◆ **Exercise details**
For this exercise, restate word for word only the lines from the first line of the data to the line containing "AB by blast".

───

lemma abs_nu_le_tv: "A \<in> bsets K \<Longrightarrow> \<bar>\<nu> A\<bar> \<le> tv K \<nu> A"
  using partition_sum_le_tv[OF singleton_in_borel_partitions] by simp

lemma tv_nonneg: "A \<in> bsets K \<Longrightarrow> 0 \<le> tv K \<nu> A"
  using abs_nu_le_tv[of A] by linarith

lemma sum_abs_Int_le_tv:
  assumes R: "finite R" "R \<subseteq> bsets K" "disjoint R" and A: "A \<in> bsets K" "A \<subseteq> \<Union>R"
  shows "(\<Sum>X\<in>R. \<bar>\<nu> (X \<inter> A)\<bar>) \<le> tv K \<nu> A"
proof -
  let ?h = "\<lambda>X. X \<inter> A"
  have "disjoint (?h ` R)"
    using R(3) by (auto simp: pairwise_image pairwise_def disjnt_def)
  then have "?h ` R \<in> borel_partitions K A"
    using R A bsets_Int unfolding borel_partitions_def by auto
  moreover have "(\<Sum>Y\<in>?h ` R. \<bar>\<nu> Y\<bar>) = (\<Sum>X\<in>R. \<bar>\<nu> (X \<inter> A)\<bar>)"
  proof (rule sum.reindex_nontrivial[OF R(1), unfolded comp_def])
    fix X Y assume "X \<in> R" "Y \<in> R" "X \<noteq> Y" "X \<inter> A = Y \<inter> A"
    with R(3) have "X \<inter> A = {}" by (auto simp: pairwise_def disjnt_def)
    then show "\<bar>\<nu> (X \<inter> A)\<bar> = 0" by (simp add: nu_empty)
  qed
  ultimately show ?thesis using partition_sum_le_tv by metis
qed

lemma tv_Un_disjoint:
  assumes A: "A \<in> bsets K" and B: "B \<in> bsets K" and AB: "A \<inter> B = {}"
  shows "tv K \<nu> (A \<union> B) = tv K \<nu> A + tv K \<nu> B"
proof (rule antisym)
  show "tv K \<nu> (A \<union> B) \<le> tv K \<nu> A + tv K \<nu> B"
    unfolding tv_eq_SUP_borel_partitions[of K \<nu> "A \<union> B"]
  proof (rule cSUP_least)
    show "borel_partitions K (A \<union> B) \<noteq> {}"
      using singleton_in_borel_partitions bsets_Un[OF A B] by blast
    fix R assume "R \<in> borel_partitions K (A \<union> B)"
    then have R: "finite R" "R \<subseteq> bsets K" "disjoint R" "\<Union>R = A \<union> B"
      unfolding borel_partitions_def by auto
    have "\<nu> X = \<nu> (X \<inter> A) + \<nu> (X \<inter> B)" if "X \<in> R" for X
    proof -
      have X: "X \<in> bsets K" using that R(2) by blast
      have "X = (X \<inter> A) \<union> (X \<inter> B)" using that R(4) by blast
      moreover have "(X \<inter> A) \<inter> (X \<inter> B) = {}" using AB by blast
      ultimately show ?thesis using nu_Un_disjoint bsets_Int[OF X A] bsets_Int[OF X B] by metis
    qed
    then have "(\<Sum>X\<in>R. \<bar>\<nu> X\<bar>) \<le> (\<Sum>X\<in>R. \<bar>\<nu> (X \<inter> A)\<bar>) + (\<Sum>X\<in>R. \<bar>\<nu> (X \<inter> B)\<bar>)"
      by (simp add: sum.distrib[symmetric] sum_mono)
    also have "\<dots> \<le> tv K \<nu> A + tv K \<nu> B"
      using sum_abs_Int_le_tv[OF R(1-3)] A B R(4) by (intro add_mono) auto
    finally show "(\<Sum>X\<in>R. \<bar>\<nu> X\<bar>) \<le> tv K \<nu> A + tv K \<nu> B" .
  qed
next
  have partition_sums: "(\<Sum>X\<in>P. \<bar>\<nu> X\<bar>) + (\<Sum>X\<in>Q. \<bar>\<nu> X\<bar>) \<le> tv K \<nu> (A \<union> B)"
    if P: "P \<in> borel_partitions K A" and Q: "Q \<in> borel_partitions K B" for P Q
  proof -
    have "finite P" "finite Q" "\<Union>P = A" "\<Union>Q = B"
      using P Q unfolding borel_partitions_def by auto
    moreover have "(\<Sum>X\<in>P \<inter> Q. \<bar>\<nu> X\<bar>) = 0"
    proof (rule sum.neutral, rule ballI)
      fix X assume "X \<in> P \<inter> Q"
      then have "X = {}" using AB \<open>\<Union>P = A\<close> \<open>\<Union>Q = B\<close> by blast
      then show "\<bar>\<nu> X\<bar> = 0" by (simp add: nu_empty)
    qed
    ultimately have "(\<Sum>X\<in>P \<union> Q. \<bar>\<nu> X\<bar>) = (\<Sum>X\<in>P. \<bar>\<nu> X\<bar>) + (\<Sum>X\<in>Q. \<bar>\<nu> X\<bar>)"
      by (simp add: sum_Un)
    then show ?thesis
      using partition_sum_le_tv[OF borel_partitions_Un[OF P Q AB]] by simp
  qed
  have "tv K \<nu> B \<le> tv K \<nu> (A \<union> B) - tv K \<nu> A"
    unfolding tv_eq_SUP_borel_partitions[of K \<nu> B]
  proof (rule cSUP_least)
    show "borel_partitions K B \<noteq> {}" using singleton_in_borel_partitions B by blast
    fix Q assume Q: "Q \<in> borel_partitions K B"
    have "tv K \<nu> A \<le> tv K \<nu> (A \<union> B) - (\<Sum>X\<in>Q. \<bar>\<nu> X\<bar>)"
      unfolding tv_eq_SUP_borel_partitions[of K \<nu> A]
    proof (rule cSUP_least)
      show "borel_partitions K A \<noteq> {}" using singleton_in_borel_partitions A by blast
      fix P assume "P \<in> borel_partitions K A"
      from partition_sums[OF this Q]
      show "(\<Sum>X\<in>P. \<bar>\<nu> X\<bar>) \<le> tv K \<nu> (A \<union> B) - (\<Sum>X\<in>Q. \<bar>\<nu> X\<bar>)" by simp
    qed
    then show "(\<Sum>X\<in>Q. \<bar>\<nu> X\<bar>) \<le> tv K \<nu> (A \<union> B) - tv K \<nu> A" by simp
  qed
  then show "tv K \<nu> A + tv K \<nu> B \<le> tv K \<nu> (A \<union> B)" by simp
qed

lemma tv_Diff:
  assumes "A \<in> bsets K" "B \<in> bsets K" "B \<subseteq> A"
  shows "tv K \<nu> (A - B) = tv K \<nu> A - tv K \<nu> B"
  using tv_Un_disjoint[of B "A - B"] assms bsets_Diff by (simp add: Un_absorb1)

lemma tv_mono: "A \<in> bsets K \<Longrightarrow> B \<in> bsets K \<Longrightarrow> B \<subseteq> A \<Longrightarrow> tv K \<nu> B \<le> tv K \<nu> A"
  using tv_Diff[of A B] tv_nonneg[of "A - B"] bsets_Diff by fastforce

lemma tv_empty: "tv K \<nu> {} = 0"
  using tv_Un_disjoint[OF bsets_empty bsets_empty] by simp

lemma tv_eq_nu_if_nonneg:
  assumes nonneg: "\<And>B. B \<in> bsets K \<Longrightarrow> 0 \<le> \<nu> B" and A: "A \<in> bsets K"
  shows "tv K \<nu> A = \<nu> A"
proof -
  have "(\<Sum>B\<in>P. \<bar>\<nu> B\<bar>) = \<nu> A" if "P \<in> borel_partitions K A" for P
    using that nonneg nu_Union_finite unfolding borel_partitions_def
    by (auto intro!: sum.cong simp: subset_iff)
  then have "tv K \<nu> A = (SUP P\<in>borel_partitions K A. \<nu> A)"
    unfolding tv_eq_SUP_borel_partitions by (intro SUP_cong) auto
  also have "\<dots> = \<nu> A" using singleton_in_borel_partitions[OF A] by (intro cSUP_const) auto
  finally show ?thesis .
qed

lemma tv_UN_lessThan:
  fixes A :: "nat \<Rightarrow> real set"
  assumes A: "range A \<subseteq> bsets K" "disjoint_family A"
  shows "tv K \<nu> (\<Union>i<m. A i) = (\<Sum>i<m. tv K \<nu> (A i))"
proof (induction m)
  case 0
  show ?case by (simp add: tv_empty)
next
  case (Suc m)
  have "A i \<inter> A m = {}" if "i < m" for i
    using A(2) that unfolding disjoint_family_on_def by (metis UNIV_I nat_neq_iff)
  then have "(\<Union>i<m. A i) \<inter> A m = {}" by blast
  moreover have "(\<Union>i<m. A i) \<in> bsets K" using A(1) by (intro bsets_finite_Union) auto
  moreover have "A m \<in> bsets K" using A(1) by blast
  ultimately show ?case
    using Suc tv_Un_disjoint[of "\<Union>i<m. A i" "A m"] by (simp add: lessThan_Suc Un_commute add.commute)
qed

lemma sums_tv:
  fixes A :: "nat \<Rightarrow> real set"
  assumes A: "range A \<subseteq> bsets K" and disj: "disjoint_family A"
  shows "(\<lambda>n. tv K \<nu> (A n)) sums tv K \<nu> (\<Union>(range A))"
proof -
  define U where "U = \<Union>(range A)"
  have U: "U \<in> bsets K" unfolding U_def using A by (rule bsets_countable_UN)
  have An: "A n \<in> bsets K" for n using A by auto
  have partial: "(\<Sum>i<m. tv K \<nu> (A i)) \<le> tv K \<nu> U" for m
  proof -
    have "(\<Union>i<m. A i) \<in> bsets K" using A by (intro bsets_finite_Union) auto
    moreover have "(\<Union>i<m. A i) \<subseteq> U" unfolding U_def by blast
    ultimately have "tv K \<nu> (\<Union>i<m. A i) \<le> tv K \<nu> U" by (rule tv_mono[OF U])
    then show ?thesis by (simp only: tv_UN_lessThan[OF A disj])
  qed
  have summable: "summable (\<lambda>n. tv K \<nu> (A n))"
    by (rule summableI_nonneg_bounded[OF tv_nonneg[OF An] partial])
  have "(\<Sum>n. tv K \<nu> (A n)) \<le> tv K \<nu> U"
    by (rule suminf_le_const[OF summable partial])
  moreover have "tv K \<nu> U \<le> (\<Sum>n. tv K \<nu> (A n))"
    unfolding tv_eq_SUP_borel_partitions[of K \<nu> U]
  proof (rule cSUP_least)
    show "borel_partitions K U \<noteq> {}" using singleton_in_borel_partitions U by blast
    fix R assume "R \<in> borel_partitions K U"
    then have R: "finite R" "R \<subseteq> bsets K" "disjoint R" "\<Union>R = U"
      unfolding borel_partitions_def by auto
    have summable_X: "summable (\<lambda>n. \<bar>\<nu> (X \<inter> A n)\<bar>)" if X: "X \<in> R" for X
    proof (rule summable_comparison_test[OF _ summable])
      have "\<bar>\<nu> (X \<inter> A n)\<bar> \<le> tv K \<nu> (A n)" for n
      proof -
        have "X \<inter> A n \<in> bsets K" using X R(2) An bsets_Int by blast
        then show ?thesis
          using abs_nu_le_tv tv_mono[OF An, of "X \<inter> A n"] by (meson Int_lower2 order_trans)
      qed
      then show "\<exists>N. \<forall>n\<ge>N. norm \<bar>\<nu> (X \<inter> A n)\<bar> \<le> tv K \<nu> (A n)" by auto
    qed
    have "(\<Sum>X\<in>R. \<bar>\<nu> X\<bar>) \<le> (\<Sum>X\<in>R. \<Sum>n. \<bar>\<nu> (X \<inter> A n)\<bar>)"
    proof (rule sum_mono)
      fix X assume X: "X \<in> R"
      have "range (\<lambda>n. X \<inter> A n) \<subseteq> bsets K" using X R An bsets_Int by blast
      moreover have "disjoint_family (\<lambda>n. X \<inter> A n)"
        using disj unfolding disjoint_family_on_def by blast
      moreover have "(\<Union>n. X \<inter> A n) = X" using X R(4) unfolding U_def by blast
      ultimately have "(\<lambda>n. \<nu> (X \<inter> A n)) sums \<nu> X" using sums_nu by metis
      then show "\<bar>\<nu> X\<bar> \<le> (\<Sum>n. \<bar>\<nu> (X \<inter> A n)\<bar>)"
        using summable_rabs[OF summable_X[OF X]] by (simp add: sums_iff)
    qed
    also have "\<dots> = (\<Sum>n. \<Sum>X\<in>R. \<bar>\<nu> (X \<inter> A n)\<bar>)"
      using summable_X by (rule suminf_sum[symmetric])
    also have "\<dots> \<le> (\<Sum>n. tv K \<nu> (A n))"
    proof (rule suminf_le)
      show "(\<Sum>X\<in>R. \<bar>\<nu> (X \<inter> A n)\<bar>) \<le> tv K \<nu> (A n)" for n
        using sum_abs_Int_le_tv[OF R(1-3) An[of n]] R(4) unfolding U_def by blast
      show "summable (\<lambda>n. \<Sum>X\<in>R. \<bar>\<nu> (X \<inter> A n)\<bar>)"
        using summable_X by (intro summable_sum) auto
    qed (rule summable)
    finally show "(\<Sum>X\<in>R. \<bar>\<nu> X\<bar>) \<le> (\<Sum>n. tv K \<nu> (A n))" .
  qed
  ultimately have "tv K \<nu> U = (\<Sum>n. tv K \<nu> (A n))" by (rule antisym[rotated])
  with summable_sums[OF summable] show ?thesis unfolding U_def by simp
qed

lemma regular_sm_inner_approx:
  assumes "regular_sm K \<nu>" and A: "A \<in> bsets K" and "0 < e"
  obtains C where "compact C" "C \<subseteq> A" "tv K \<nu> (A - C) < e"
proof -
  let ?C = "{C. compact C \<and> C \<subseteq> A}"
  have C_bsets: "C \<in> bsets K" if "C \<in> ?C" for C
    using that bsets_compact bsets_subset[OF A] by blast
  have ne: "?C \<noteq> {}" by auto
  have bdd: "bdd_above (tv K \<nu> ` ?C)"
    using C_bsets tv_mono A by (intro bdd_aboveI[of _ "tv K \<nu> A"]) auto
  have "tv K \<nu> A = (SUP C \<in> ?C. tv K \<nu> C)"
    using assms(1) A unfolding regular_sm_def by blast
  then have "tv K \<nu> A - e < (SUP C \<in> ?C. tv K \<nu> C)"
    using assms(3) by linarith
  then obtain C where C: "C \<in> ?C" "tv K \<nu> A - e < tv K \<nu> C"
    unfolding less_cSUP_iff[OF ne bdd] ..
  moreover have "tv K \<nu> (A - C) = tv K \<nu> A - tv K \<nu> C"
    using C(1) C_bsets A by (intro tv_Diff) auto
  ultimately show ?thesis using that by auto
qed

lemma regular_sm_outer_approx:
  assumes "regular_sm K \<nu>" and A: "A \<in> bsets K" and "0 < e"
  obtains V where "openin (top_of_set K) V" "A \<subseteq> V" "tv K \<nu> (V - A) < e"
proof -
  let ?V = "{V. openin (top_of_set K) V \<and> A \<subseteq> V}"
  have V_bsets: "V \<in> bsets K" if "V \<in> ?V" for V
    using that bsets_openin by blast
  have "K \<in> ?V" using bsets_subset[OF A] by auto
  then have ne: "?V \<noteq> {}" by blast
  have bdd: "bdd_below (tv K \<nu> ` ?V)"
    using V_bsets tv_nonneg by (intro bdd_belowI[of _ 0]) auto
  have "tv K \<nu> A = (INF V \<in> ?V. tv K \<nu> V)"
    using assms(1) A unfolding regular_sm_def by blast
  then have "(INF V \<in> ?V. tv K \<nu> V) < tv K \<nu> A + e"
    using assms(3) by linarith
  then obtain V where V: "V \<in> ?V" "tv K \<nu> V < tv K \<nu> A + e"
    unfolding cINF_less_iff[OF ne bdd] ..
  moreover have "tv K \<nu> (V - A) = tv K \<nu> V - tv K \<nu> A"
    using V(1) V_bsets A by (intro tv_Diff) auto
  ultimately show ?thesis using that by auto
qed

end

section \<open>Jordan decomposition and the duality pairing\<close>

lemma sets_measure_of_bsets: "sets (measure_of K (bsets K) f) = bsets K"
  using bsets_subset_Pow sigma_algebra.sigma_sets_eq[OF sigma_algebra_bsets]
  by (simp add: sets_measure_of)

lemma space_measure_of_bsets: "space (measure_of K (bsets K) f) = K"
  using bsets_subset_Pow by (simp add: space_measure_of)

lemma emeasure_measure_of_bsets:
  fixes g :: "real set \<Rightarrow> real"
  assumes nonneg: "\<And>A. A \<in> bsets K \<Longrightarrow> 0 \<le> g A" and "g {} = 0"
    and sums_g: "\<And>A::nat \<Rightarrow> real set. range A \<subseteq> bsets K \<Longrightarrow> disjoint_family A \<Longrightarrow>
        (\<lambda>n. g (A n)) sums g (\<Union>(range A))"
    and A: "A \<in> bsets K"
  shows "emeasure (measure_of K (bsets K) (\<lambda>A. ennreal (g A))) A = ennreal (g A)"
proof (rule emeasure_measure_of_sigma[OF sigma_algebra_bsets _ _ A])
  show "positive (bsets K) (\<lambda>A. ennreal (g A))"
    unfolding positive_def by (simp add: \<open>g {} = 0\<close>)
  show "countably_additive (bsets K) (\<lambda>A. ennreal (g A))"
    unfolding countably_additive_def
  proof (intro allI impI)
    fix F :: "nat \<Rightarrow> real set"
    assume F: "range F \<subseteq> bsets K" "disjoint_family F"
    then have "(\<lambda>n. g (F n)) sums g (\<Union>(range F))" by (rule sums_g)
    with F(1) nonneg show "(\<Sum>i. ennreal (g (F i))) = ennreal (g (\<Union>(range F)))"
      by (subst suminf_ennreal2) (auto simp: sums_iff)
  qed
qed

───

◆ **Result below**
lemma abs_nu_le_tv: "A \<in> bsets K \<Longrightarrow> \<bar>\<nu> A\<bar> \<le> tv K \<nu> A"
  using partition_sum_le_tv[OF singleton_in_borel_partitions] by simp

lemma tv_nonneg: "A \<in> bsets K \<Longrightarrow> 0 \<le> tv K \<nu> A"
  using abs_nu_le_tv[of A] by linarith

lemma sum_abs_Int_le_tv:
  assumes R: "finite R" "R \<subseteq> bsets K" "disjoint R" and A: "A \<in> bsets K" "A \<subseteq> \<Union>R"
  shows "(\<Sum>X\<in>R. \<bar>\<nu> (X \<inter> A)\<bar>) \<le> tv K \<nu> A"
proof -
  let ?h = "\<lambda>X. X \<inter> A"
  have "disjoint (?h ` R)"
    using R(3) by (auto simp: pairwise_image pairwise_def disjnt_def)
  then have "?h ` R \<in> borel_partitions K A"
    using R A bsets_Int unfolding borel_partitions_def by auto
  moreover have "(\<Sum>Y\<in>?h ` R. \<bar>\<nu> Y\<bar>) = (\<Sum>X\<in>R. \<bar>\<nu> (X \<inter> A)\<bar>)"
  proof (rule sum.reindex_nontrivial[OF R(1), unfolded comp_def])
    fix X Y assume "X \<in> R" "Y \<in> R" "X \<noteq> Y" "X \<inter> A = Y \<inter> A"
    with R(3) have "X \<inter> A = {}" by (auto simp: pairwise_def disjnt_def)
    then show "\<bar>\<nu> (X \<inter> A)\<bar> = 0" by (simp add: nu_empty)
  qed
  ultimately show ?thesis using partition_sum_le_tv by metis
qed

lemma tv_Un_disjoint:
  assumes A: "A \<in> bsets K" and B: "B \<in> bsets K" and AB: "A \<inter> B = {}"
  shows "tv K \<nu> (A \<union> B) = tv K \<nu> A + tv K \<nu> B"
proof (rule antisym)
  show "tv K \<nu> (A \<union> B) \<le> tv K \<nu> A + tv K \<nu> B"
    unfolding tv_eq_SUP_borel_partitions[of K \<nu> "A \<union> B"]
  proof (rule cSUP_least)
    show "borel_partitions K (A \<union> B) \<noteq> {}"
      using singleton_in_borel_partitions bsets_Un[OF A B] by blast
    fix R assume "R \<in> borel_partitions K (A \<union> B)"
    then have R: "finite R" "R \<subseteq> bsets K" "disjoint R" "\<Union>R = A \<union> B"
      unfolding borel_partitions_def by auto
    have "\<nu> X = \<nu> (X \<inter> A) + \<nu> (X \<inter> B)" if "X \<in> R" for X
    proof -
      have X: "X \<in> bsets K" using that R(2) by blast
      have "X = (X \<inter> A) \<union> (X \<inter> B)" using that R(4) by blast
      moreover have "(X \<inter> A) \<inter> (X \<inter> B) = {}" using AB by blast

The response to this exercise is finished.